Figure 4. Cell growth and lipid accumulation of mt- and sodit-overexpressing strains. (A) Cell dry weight (CDW), (B) Lipid content, in Mc-mt (triangle), Mc-sodit (square), and control strain Mc-1552 (circle) cultures grown in 1.5 L modified K&R medium were measured. The values were mean of three independent fermentation experiments. Error bars represent the standard error of mean.

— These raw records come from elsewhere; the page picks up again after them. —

section \<open>q-Chu--Vandermonde sums\<close>

(* The q-binomial convolution with a = q^(1-n) / c, read backwards. *)
lemma q_Chu_Vandermonde:
  assumes Q: "Q \<noteq> 0" and QQ: "\<And>m. qpoch Q Q m \<noteq> 0"
    and c: "c \<noteq> 0" and cn: "qpoch c Q n \<noteq> 0" and x: "x \<noteq> 0"
  shows "(\<Sum>k\<le>n. qpoch (1 / Q ^ n) Q k * qpoch x Q k * Q ^ k / (qpoch Q Q k * qpoch c Q k))
       = x ^ n * qpoch (c / x) Q n / qpoch c Q n"
proof -
  define a where "a = Q / (c * Q ^ n)"
  have a: "a \<noteq> 0" and ac: "Q / (a * Q ^ n) = c"
    using Q c by (simp_all add: a_def)
  define P where "P = (\<Prod>j<n. Q ^ Suc j)"
  have P: "P \<noteq> 0" using Q by (simp add: P_def)
  have reflect_a: "qpoch a Q n * P = (- (Q / c)) ^ n * qpoch c Q n"
    using qpoch_reflect[of Q "Q / c" n] Q c unfolding P_def by (simp add: a_def field_simps)
  have "- (Q * x / c) = x * (- (Q / c))" by simp
  then have "(- (Q * x / c)) ^ n = x ^ n * (- (Q / c)) ^ n"
    by (metis power_mult_distrib)
  moreover have "Q * x / c / Q ^ n = a * x" and "Q / (Q * x / c) = c / x"
    using Q by (simp_all add: a_def)
  ultimately have reflect_ax: "qpoch (a * x) Q n * P = x ^ n * (- (Q / c)) ^ n * qpoch (c / x) Q n"
    using qpoch_reflect[of Q "Q * x / c" n] Q c x unfolding P_def by simp
  have an: "qpoch a Q n \<noteq> 0" using reflect_a P cn Q c by auto
  have term_eq: "qpoch a Q (n - i) / qpoch Q Q (n - i) * (a ^ i * qpoch x Q i / qpoch Q Q i)
      = qpoch a Q n / qpoch Q Q n
        * (qpoch (1 / Q ^ n) Q i * qpoch x Q i * Q ^ i / (qpoch Q Q i * qpoch c Q i))"
    if "i \<le> n" for i
  proof -
    have ci: "qpoch c Q i \<noteq> 0" using qpoch_nonzero_le[OF cn that] .
    have "qpoch a Q (n - i) / qpoch Q Q (n - i) * (a ^ i * qpoch x Q i / qpoch Q Q i)
        = (qpoch a Q (n - i) * a ^ i) * qpoch x Q i / (qpoch Q Q (n - i) * qpoch Q Q i)"
      by simp
    also have "qpoch a Q (n - i) * a ^ i
        = qpoch a Q n * qpoch Q Q (n - i) * Q ^ i * qpoch (1 / Q ^ n) Q i / (qpoch c Q i * qpoch Q Q n)"
      using qpoch_reverse[OF Q a that] QQ[of n] ci by (simp add: ac field_simps)
    finally show ?thesis
      using QQ[of "n - i"] by (simp add: field_simps)
  qed
  have "qpoch (a * x) Q n / qpoch Q Q n
      = (\<Sum>i\<le>n. qpoch a Q i / qpoch Q Q i * (a ^ (n - i) * qpoch x Q (n - i) / qpoch Q Q (n - i)))"
    by (rule qbinomial_convolution[OF QQ, symmetric])
  also have "\<dots> = (\<Sum>i\<le>n. qpoch a Q (n - i) / qpoch Q Q (n - i) * (a ^ i * qpoch x Q i / qpoch Q Q i))"
    by (rule sum.reindex_bij_witness[where i="\<lambda>i. n - i" and j="\<lambda>i. n - i"]) auto
  also have "\<dots> = qpoch a Q n / qpoch Q Q n
      * (\<Sum>k\<le>n. qpoch (1 / Q ^ n) Q k * qpoch x Q k * Q ^ k / (qpoch Q Q k * qpoch c Q k))"
    unfolding sum_distrib_left by (rule sum.cong[OF refl], rule term_eq) simp
  finally have "(\<Sum>k\<le>n. qpoch (1 / Q ^ n) Q k * qpoch x Q k * Q ^ k / (qpoch Q Q k * qpoch c Q k))
      = (qpoch (a * x) Q n * P) / (qpoch a Q n * P)"
    using an P QQ[of n] by (simp add: field_simps)
  also have "\<dots> = x ^ n * qpoch (c / x) Q n / qpoch c Q n"
    using Q c unfolding reflect_a reflect_ax by simp
  finally show ?thesis .
qed

(* q_Chu_Vandermonde with c = y / q^l, after qpoch_swap.  The hypothesis cn excludes finitely
   many y; q_Chu_Vandermonde_shifted recovers them by continuity in y. *)
lemma q_Chu_Vandermonde_shifted_generic:
  assumes Q: "Q \<noteq> 0" and QQ: "\<And>m. qpoch Q Q m \<noteq> 0"
    and x: "x \<noteq> 0" and y: "y \<noteq> 0" and yn: "qpoch y Q n \<noteq> 0"
    and cn: "qpoch (y / Q ^ l) Q n \<noteq> 0" and xyn: "qpoch (x * Q / (y * Q ^ n)) Q l \<noteq> 0"
  shows "(\<Sum>k\<le>n. qpoch (1 / Q ^ n) Q k * qpoch x Q k * Q ^ k / (qpoch Q Q k * qpoch y Q k)
            * (qpoch (Q / y / Q ^ k) Q l * Q ^ (k * l)))
       = x ^ n * qpoch (y / x) Q n / qpoch y Q n
         * (qpoch (Q / (y * Q ^ n)) Q l * qpoch (Q * x / y) Q l / qpoch (x * Q / (y * Q ^ n)) Q l)"
proof -
  define c where "c = y / Q ^ l"
  have c: "c \<noteq> 0" using y Q by (simp add: c_def)
  have swap: "qpoch (Q / y / Q ^ k) Q l * Q ^ (k * l) * qpoch c Q k = qpoch (Q / y) Q l * qpoch y Q k" for k
    using qpoch_swap[of Q "Q / y" k l] Q y by (simp add: c_def)
  have term_eq: "qpoch (1 / Q ^ n) Q k * qpoch x Q k * Q ^ k / (qpoch Q Q k * qpoch y Q k)
        * (qpoch (Q / y / Q ^ k) Q l * Q ^ (k * l))
      = qpoch (Q / y) Q l * (qpoch (1 / Q ^ n) Q k * qpoch x Q k * Q ^ k / (qpoch Q Q k * qpoch c Q k))"
    if "k \<le> n" for k
  proof -
    have "qpoch y Q k \<noteq> 0" and "qpoch c Q k \<noteq> 0"
      using qpoch_nonzero_le[OF yn that] qpoch_nonzero_le[OF cn[folded c_def] that] by auto
    then have "qpoch (Q / y / Q ^ k) Q l * Q ^ (k * l) = qpoch (Q / y) Q l * qpoch y Q k / qpoch c Q k"
      using swap[of k] by (simp add: field_simps)
    then show ?thesis
      using \<open>qpoch y Q k \<noteq> 0\<close> by simp
  qed
  have "qpoch (Q / y) Q l = qpoch c Q n * Q ^ (n * l) * qpoch (Q / (y * Q ^ n)) Q l / qpoch y Q n"
    using swap[of n] yn by (simp add: field_simps)
  moreover have "qpoch (c / x) Q n
      = qpoch (Q * x / y) Q l * qpoch (y / x) Q n / (Q ^ (n * l) * qpoch (x * Q / (y * Q ^ n)) Q l)"
    using qpoch_swap[of Q "Q * x / y" n l] Q x y xyn by (simp add: c_def field_simps)
  moreover have "(\<Sum>k\<le>n. qpoch (1 / Q ^ n) Q k * qpoch x Q k * Q ^ k / (qpoch Q Q k * qpoch y Q k)
            * (qpoch (Q / y / Q ^ k) Q l * Q ^ (k * l)))
      = qpoch (Q / y) Q l * (x ^ n * qpoch (c / x) Q n / qpoch c Q n)"
    unfolding q_Chu_Vandermonde[OF Q QQ c cn[folded c_def] x, symmetric] sum_distrib_left
    by (rule sum.cong[OF refl], rule term_eq) simp
  ultimately show ?thesis
    using cn Q by (simp add: c_def field_simps)
qed

lemma q_Chu_Vandermonde_shifted:
  assumes Q: "Q \<noteq> 0" and QQ: "\<And>m. qpoch Q Q m \<noteq> 0"
    and x: "x \<noteq> 0" and y: "y \<noteq> 0" and yn: "qpoch y Q n \<noteq> 0"
    and xyn: "qpoch (x * Q / (y * Q ^ n)) Q l \<noteq> 0"
  shows "(\<Sum>k\<le>n. qpoch (1 / Q ^ n) Q k * qpoch x Q k * Q ^ k / (qpoch Q Q k * qpoch y Q k)
            * (qpoch (Q / y / Q ^ k) Q l * Q ^ (k * l)))
       = x ^ n * qpoch (y / x) Q n / qpoch y Q n
         * (qpoch (Q / (y * Q ^ n)) Q l * qpoch (Q * x / y) Q l / qpoch (x * Q / (y * Q ^ n)) Q l)"
    (is "?F y = ?R y")
proof -
  have cont_F: "isCont ?F y"
    using Q QQ y qpoch_nonzero_le[OF yn] by (intro continuous_intros) auto
  have cont_R: "isCont ?R y"
    using y x yn xyn Q by (intro continuous_intros) auto
  have "\<forall>\<^sub>F z in at y. ?F z = ?R z"
  proof -
    have "\<forall>\<^sub>F z in at y. z \<noteq> 0"
      by (rule eventually_neq_at_within)
    moreover have "\<forall>\<^sub>F z in at y. qpoch z Q n \<noteq> 0"
      using eventually_qpoch_scaled_nonzero[of 1 Q n y] by simp
    moreover have "\<forall>\<^sub>F z in at y. qpoch (z / Q ^ l) Q n \<noteq> 0"
      using eventually_qpoch_scaled_nonzero[of "1 / Q ^ l" Q n y] Q by simp
    moreover have "isCont (\<lambda>z. qpoch (x * Q / (z * Q ^ n)) Q l) y"
      using y Q by (intro continuous_intros) auto
    then have "\<forall>\<^sub>F z in at y. qpoch (x * Q / (z * Q ^ n)) Q l \<noteq> 0"
      using xyn by (auto simp: isCont_def intro: tendsto_imp_eventually_ne)
    ultimately show ?thesis
    proof eventually_elim
      case (elim z)
      show ?case by (rule q_Chu_Vandermonde_shifted_generic[OF Q QQ x elim])
    qed
  qed
  from at_within_isCont_imp_nhds[OF this cont_F cont_R] show ?thesis
    by (rule eventually_nhds_x_imp_x)
qed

Figure 5. Fatty acids profile of mt- and sodit-overexpressing strains in Mc-mt, Mc-sodit, and control strain Mc-1552 cultures grown in 1.5 L modified K&R medium were measured. The values were mean of three independent fermentation experiments. Error bars represent the standard error of mean. Values which showed different superscripts were significantly different to each other (p < 0.05).
Glucose and Nitrogen Consumption and Extracellular Citrate Accumulation in mt- and sodit-Overexpressing Strains
The consumption rate of glucose and nitrogen sources was nearly similar in all studied strains (Figures 6A,B). Notably, when the nitrogen was depleted at 12 h, the consumption glucose rate, was rapidly increased in transformants and the control strain (Figure 6A). Interestingly, the amounts of extracellular citrate in the transformants were greatly increased during the whole cultivation period compared to the control. There were no significant differences between the amount of extracellular citrate in gene overexpressed transformants, Mc-sodit and Mc-mt during the stage of cell growth and rapid lipid accumulation (Figure 6C). Whereas, the concentration of extracellular citrate of Mc-sodit was much higher than that of Mc-mt after 48 h during the period of slow lipid accumulation, while the biomass decreased relatively as shown in Figure 6C. These results indicated that the intracellular glycolysis, lipid biosynthesis and citrate metabolism had been affected by the heterologous expression of mt and sodit genes and led to the increased accumulation of lipid in M. lusitanicus.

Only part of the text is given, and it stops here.